**Task statement:**
Reproduce exactly, and only, the lines below from the one containing "real) \<Rightarrow> real" through the one containing "showing that \<open>U(c".

**Supplied material:**
++++++++
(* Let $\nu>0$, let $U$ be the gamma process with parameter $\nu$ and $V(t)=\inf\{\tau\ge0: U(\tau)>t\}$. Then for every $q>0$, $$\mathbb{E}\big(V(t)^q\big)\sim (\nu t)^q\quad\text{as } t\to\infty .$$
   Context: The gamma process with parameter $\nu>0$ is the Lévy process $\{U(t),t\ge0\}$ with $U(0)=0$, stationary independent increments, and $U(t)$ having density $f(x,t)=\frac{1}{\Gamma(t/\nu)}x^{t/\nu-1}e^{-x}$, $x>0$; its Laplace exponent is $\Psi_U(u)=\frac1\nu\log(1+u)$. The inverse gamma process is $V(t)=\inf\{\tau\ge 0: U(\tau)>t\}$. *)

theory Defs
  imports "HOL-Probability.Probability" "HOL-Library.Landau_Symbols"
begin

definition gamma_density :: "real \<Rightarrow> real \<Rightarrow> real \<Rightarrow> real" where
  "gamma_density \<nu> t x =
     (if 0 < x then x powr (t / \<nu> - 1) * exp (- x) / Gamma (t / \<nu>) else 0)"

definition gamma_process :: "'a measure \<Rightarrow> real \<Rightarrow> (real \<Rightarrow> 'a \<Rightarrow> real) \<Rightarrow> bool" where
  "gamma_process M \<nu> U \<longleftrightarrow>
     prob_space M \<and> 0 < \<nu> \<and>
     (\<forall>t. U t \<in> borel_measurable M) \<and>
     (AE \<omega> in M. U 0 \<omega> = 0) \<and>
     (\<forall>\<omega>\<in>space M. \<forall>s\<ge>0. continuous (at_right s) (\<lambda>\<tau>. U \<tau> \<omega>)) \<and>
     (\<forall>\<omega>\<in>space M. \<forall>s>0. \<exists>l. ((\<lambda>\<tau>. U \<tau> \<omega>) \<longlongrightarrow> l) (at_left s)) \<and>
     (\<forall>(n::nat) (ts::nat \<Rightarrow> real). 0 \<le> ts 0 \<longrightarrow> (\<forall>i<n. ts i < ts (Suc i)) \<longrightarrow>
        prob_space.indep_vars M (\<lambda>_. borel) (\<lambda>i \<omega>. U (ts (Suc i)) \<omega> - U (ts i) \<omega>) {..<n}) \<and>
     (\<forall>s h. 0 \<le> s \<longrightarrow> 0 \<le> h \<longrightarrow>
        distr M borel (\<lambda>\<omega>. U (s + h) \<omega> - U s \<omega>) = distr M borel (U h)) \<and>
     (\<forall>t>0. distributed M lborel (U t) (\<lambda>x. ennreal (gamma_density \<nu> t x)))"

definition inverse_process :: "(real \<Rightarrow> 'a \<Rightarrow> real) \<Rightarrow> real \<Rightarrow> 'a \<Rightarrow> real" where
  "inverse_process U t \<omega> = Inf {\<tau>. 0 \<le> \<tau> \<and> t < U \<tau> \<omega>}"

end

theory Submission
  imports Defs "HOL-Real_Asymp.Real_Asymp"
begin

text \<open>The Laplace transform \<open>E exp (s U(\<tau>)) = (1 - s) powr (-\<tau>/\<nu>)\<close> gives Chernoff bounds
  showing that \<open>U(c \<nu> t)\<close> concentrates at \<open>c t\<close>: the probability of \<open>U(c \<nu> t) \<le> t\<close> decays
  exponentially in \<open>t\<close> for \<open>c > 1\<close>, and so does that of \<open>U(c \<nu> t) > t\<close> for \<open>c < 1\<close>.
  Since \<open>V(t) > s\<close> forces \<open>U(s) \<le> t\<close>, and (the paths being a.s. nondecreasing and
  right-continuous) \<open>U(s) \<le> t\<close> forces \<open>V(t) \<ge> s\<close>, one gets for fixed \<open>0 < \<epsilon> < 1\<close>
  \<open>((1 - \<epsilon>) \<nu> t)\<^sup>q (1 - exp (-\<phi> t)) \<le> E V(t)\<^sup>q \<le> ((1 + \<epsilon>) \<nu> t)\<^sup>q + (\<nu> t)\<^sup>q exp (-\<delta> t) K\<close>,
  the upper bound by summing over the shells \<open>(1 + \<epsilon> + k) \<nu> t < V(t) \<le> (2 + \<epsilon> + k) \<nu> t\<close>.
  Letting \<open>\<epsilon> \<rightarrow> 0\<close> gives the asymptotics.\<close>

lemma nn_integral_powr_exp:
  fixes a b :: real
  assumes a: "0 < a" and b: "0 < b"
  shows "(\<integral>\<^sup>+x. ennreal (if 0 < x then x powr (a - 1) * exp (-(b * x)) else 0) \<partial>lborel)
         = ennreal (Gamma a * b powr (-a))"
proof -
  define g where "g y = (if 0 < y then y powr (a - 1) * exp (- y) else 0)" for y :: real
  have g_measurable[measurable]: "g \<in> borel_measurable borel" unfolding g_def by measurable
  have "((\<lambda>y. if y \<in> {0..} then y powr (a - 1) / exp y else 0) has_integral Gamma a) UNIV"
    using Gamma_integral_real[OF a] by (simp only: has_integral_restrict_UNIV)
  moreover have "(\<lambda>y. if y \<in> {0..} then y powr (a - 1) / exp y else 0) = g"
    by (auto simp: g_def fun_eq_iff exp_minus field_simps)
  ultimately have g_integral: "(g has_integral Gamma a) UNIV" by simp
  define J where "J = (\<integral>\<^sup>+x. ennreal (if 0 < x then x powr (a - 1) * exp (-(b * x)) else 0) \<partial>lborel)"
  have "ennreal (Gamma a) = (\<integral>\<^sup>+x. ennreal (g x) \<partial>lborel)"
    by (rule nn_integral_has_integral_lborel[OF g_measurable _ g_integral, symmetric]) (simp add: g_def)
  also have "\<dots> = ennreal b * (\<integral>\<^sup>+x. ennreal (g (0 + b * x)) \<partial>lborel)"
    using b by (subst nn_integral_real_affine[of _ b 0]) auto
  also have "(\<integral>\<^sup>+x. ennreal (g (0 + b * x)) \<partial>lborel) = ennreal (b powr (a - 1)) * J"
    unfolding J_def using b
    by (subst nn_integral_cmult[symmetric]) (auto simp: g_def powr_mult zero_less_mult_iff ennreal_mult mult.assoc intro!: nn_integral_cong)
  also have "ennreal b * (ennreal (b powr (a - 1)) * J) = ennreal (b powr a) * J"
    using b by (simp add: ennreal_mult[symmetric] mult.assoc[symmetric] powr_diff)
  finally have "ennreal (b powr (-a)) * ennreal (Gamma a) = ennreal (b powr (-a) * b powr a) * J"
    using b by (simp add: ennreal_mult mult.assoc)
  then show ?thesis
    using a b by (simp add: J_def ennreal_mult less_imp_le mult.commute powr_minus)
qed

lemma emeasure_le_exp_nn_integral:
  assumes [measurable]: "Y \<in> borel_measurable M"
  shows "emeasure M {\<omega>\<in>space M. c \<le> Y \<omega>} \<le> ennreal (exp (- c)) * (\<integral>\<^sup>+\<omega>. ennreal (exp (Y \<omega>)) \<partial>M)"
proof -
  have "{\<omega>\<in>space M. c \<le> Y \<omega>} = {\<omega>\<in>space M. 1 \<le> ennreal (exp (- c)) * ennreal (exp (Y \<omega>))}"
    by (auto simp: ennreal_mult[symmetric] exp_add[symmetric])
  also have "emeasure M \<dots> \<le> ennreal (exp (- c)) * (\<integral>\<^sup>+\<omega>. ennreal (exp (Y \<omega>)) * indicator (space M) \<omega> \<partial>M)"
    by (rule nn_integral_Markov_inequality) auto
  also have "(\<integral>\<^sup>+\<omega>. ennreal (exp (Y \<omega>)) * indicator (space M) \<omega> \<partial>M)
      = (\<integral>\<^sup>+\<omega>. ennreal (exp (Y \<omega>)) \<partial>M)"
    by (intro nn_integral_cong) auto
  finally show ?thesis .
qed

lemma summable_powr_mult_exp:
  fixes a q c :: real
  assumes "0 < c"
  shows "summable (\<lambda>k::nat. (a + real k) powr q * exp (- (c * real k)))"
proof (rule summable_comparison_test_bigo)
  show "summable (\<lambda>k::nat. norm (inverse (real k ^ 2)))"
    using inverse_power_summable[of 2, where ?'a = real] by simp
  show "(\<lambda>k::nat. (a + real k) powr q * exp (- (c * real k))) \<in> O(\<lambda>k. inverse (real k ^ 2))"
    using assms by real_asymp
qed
++++++++
**Response to this exercise:**
definition inverse_process :: "(real \<Rightarrow> 'a \<Rightarrow> real) \<Rightarrow> real \<Rightarrow> 'a \<Rightarrow> real" where
  "inverse_process U t \<omega> = Inf {\<tau>. 0 \<le> \<tau> \<and> t < U \<tau> \<omega>}"

end

theory Submission
  imports Defs "HOL-Real_Asymp.Real_Asymp"
begin

text \<open>The Laplace transform \<open>E exp (s U(\<tau>)) = (1 - s) powr (-\<tau>/\<nu>)\<close> gives Chernoff bounds
  showing that \<open>U(c \<nu> t)\<close> concentrates at \<open>c t\<close>: the probability of \<open>U(c \<nu> t) \<le> t\<close> decays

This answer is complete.